Now we're platform dependent, as the copy operation has a different implementation, based on OS/architecture. I'll go with Windows as an example. openjdk\hotspot\src\os_cpu\windows_x86\vm\copy_windows_x86.inline.hpp:

static void pd_conjoint_oops_atomic(oop* from, oop* to, size_t count) {
// Do better than this: inline memmove body  NEEDS CLEANUP
if (from > to) {
  while (count-- > 0) {
    // Copy forwards
    *to++ = *from++;
  }
} else {
  from += count - 1;
  to   += count - 1;
  while (count-- > 0) {
    // Copy backwards
    *to-- = *from--;
  }
 }
}

And... to my surprise, it iterates through the elements (the oop values), copying them one by one (seemingly). Can someone explain why the copy is done, even at the native level, by iterating through the elements in the array?

Community
  • 1
  • 1
Andrei Bârsan
  • 3,473
  • 2
  • 22
  • 46

1 Answers1

6

Because the jint most closely maps to int which most closely maps to the old hardware architecture WORD, which is basically the same size as the width of the data bus.

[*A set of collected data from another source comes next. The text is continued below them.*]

fun step :: "sequent \<Rightarrow> rl \<Rightarrow> sequent list \<Rightarrow> bool" where
  "step (L, R) RAx ps = (ps = [] \<and> (\<exists>p. At p \<in># L \<and> At p \<in># R))"
| "step (L, R) RBotL ps = (ps = [] \<and> Bot \<in># L)"
| "step (L, R) (RImpL A B) ps = (Imp A B \<in># L \<and>
      ps = [(L - {#Imp A B#} + {#B#}, R), (L - {#Imp A B#}, R + {#A#})])"
| "step (L, R) (RImpR A B) ps = (Imp A B \<in># R \<and>
      ps = [(L + {#A#}, R - {#Imp A B#} + {#B#})])"
| "step (L, R) (RRefl B) ps = (Box B \<in># L \<and> ps = [(L + {#B#}, R)])"
| "step (L, R) (RBox Pi A) ps = (image_mset Box Pi \<subseteq># L \<and> Box A \<in># R \<and>
      ps = [(L, R - {#Box A#} + {#A#}), (image_mset Box Pi, {#A#})])"
| "step (L, R) (RCut A) ps = (ps = [(L, R + {#A#}), (L + {#A#}, R)])"

definition rbox :: "ptree \<Rightarrow> nat \<Rightarrow> bool" where
  "rbox t i \<longleftrightarrow> (\<exists>Pi A. prule t = RBox Pi A) \<and> i = 1"

definition is_cut :: "rl \<Rightarrow> bool" where
  "is_cut r \<longleftrightarrow> (\<exists>A. r = RCut A)"

inductive_set nodes :: "ptree \<Rightarrow> ptree set" for t where
  "t \<in> nodes t"
| "s \<in> nodes t \<Longrightarrow> u \<in> set (psubs s) \<Longrightarrow> u \<in> nodes t"

primrec walk :: "ptree \<Rightarrow> (nat \<Rightarrow> nat) \<Rightarrow> nat \<Rightarrow> ptree" where
  "walk t f 0 = t"
| "walk t f (Suc k) = psubs (walk t f k) ! f k"

definition is_branch :: "ptree \<Rightarrow> (nat \<Rightarrow> nat) \<Rightarrow> bool" where
  "is_branch t f \<longleftrightarrow> (\<forall>k. f k < length (psubs (walk t f k)))"

definition is_proof :: "ptree \<Rightarrow> bool" where
  "is_proof t \<longleftrightarrow>
     (\<forall>s\<in>nodes t. step (pseq s) (prule s) (map pseq (psubs s))) \<and>
     (\<forall>f. is_branch t f \<longrightarrow> (\<exists>\<^sub>\<infinity>k. rbox (walk t f k) (f k)))"

definition Proofs :: "ptree set" where
  "Proofs = {t. is_proof t}"

text \<open>frag n t s: s is a node of the n-fragment of t at which a rule is applied
  (i.e. reached passing fewer than n right premises of (Box)).\<close>
inductive frag :: "nat \<Rightarrow> ptree \<Rightarrow> ptree \<Rightarrow> bool" where
  "frag (Suc n) t t"
| "i < length (psubs t) \<Longrightarrow> \<not> rbox t i \<Longrightarrow> frag (Suc n) (psubs t ! i) s \<Longrightarrow> frag (Suc n) t s"
| "i < length (psubs t) \<Longrightarrow> rbox t i \<Longrightarrow> frag n (psubs t ! i) s \<Longrightarrow> frag (Suc n) t s"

The memory architectures and cpu processing of today are designed to attempt processing even in the event of a cache miss, and memory locations tend to pre-fetch blocks. The code that you are looking at isn't quite as "bad" in performance as you might think. The hardware is smarter, and if you don't actually profile, your "smart" fetching routines might actually add nothing (or even slow down processing).

When you are introduced to hardware architectures, you must be introduced to simple ones. Modern ones do a lot more, so you can't assume that code that looks inefficient is actually inefficient. For example, when a memory lookup is done to evaluate the condition on an if statement, often both branches of the if statement are executed while the lookup is occurring, and the "false" branch of processing is discarded after the data becomes available to evaluate the condition. If you want to be efficient, you must profile and then act on the profiled data.

Look at the branch on JVM opcode section. You'll see it is (or perhaps, just was) an ifdef macro oddity to support (at one time) three different ways of jumping to the code that handled the opcode. That was because the three different ways actually made a meaningful performance difference on the different Windows, Linux, and Solaris architectures.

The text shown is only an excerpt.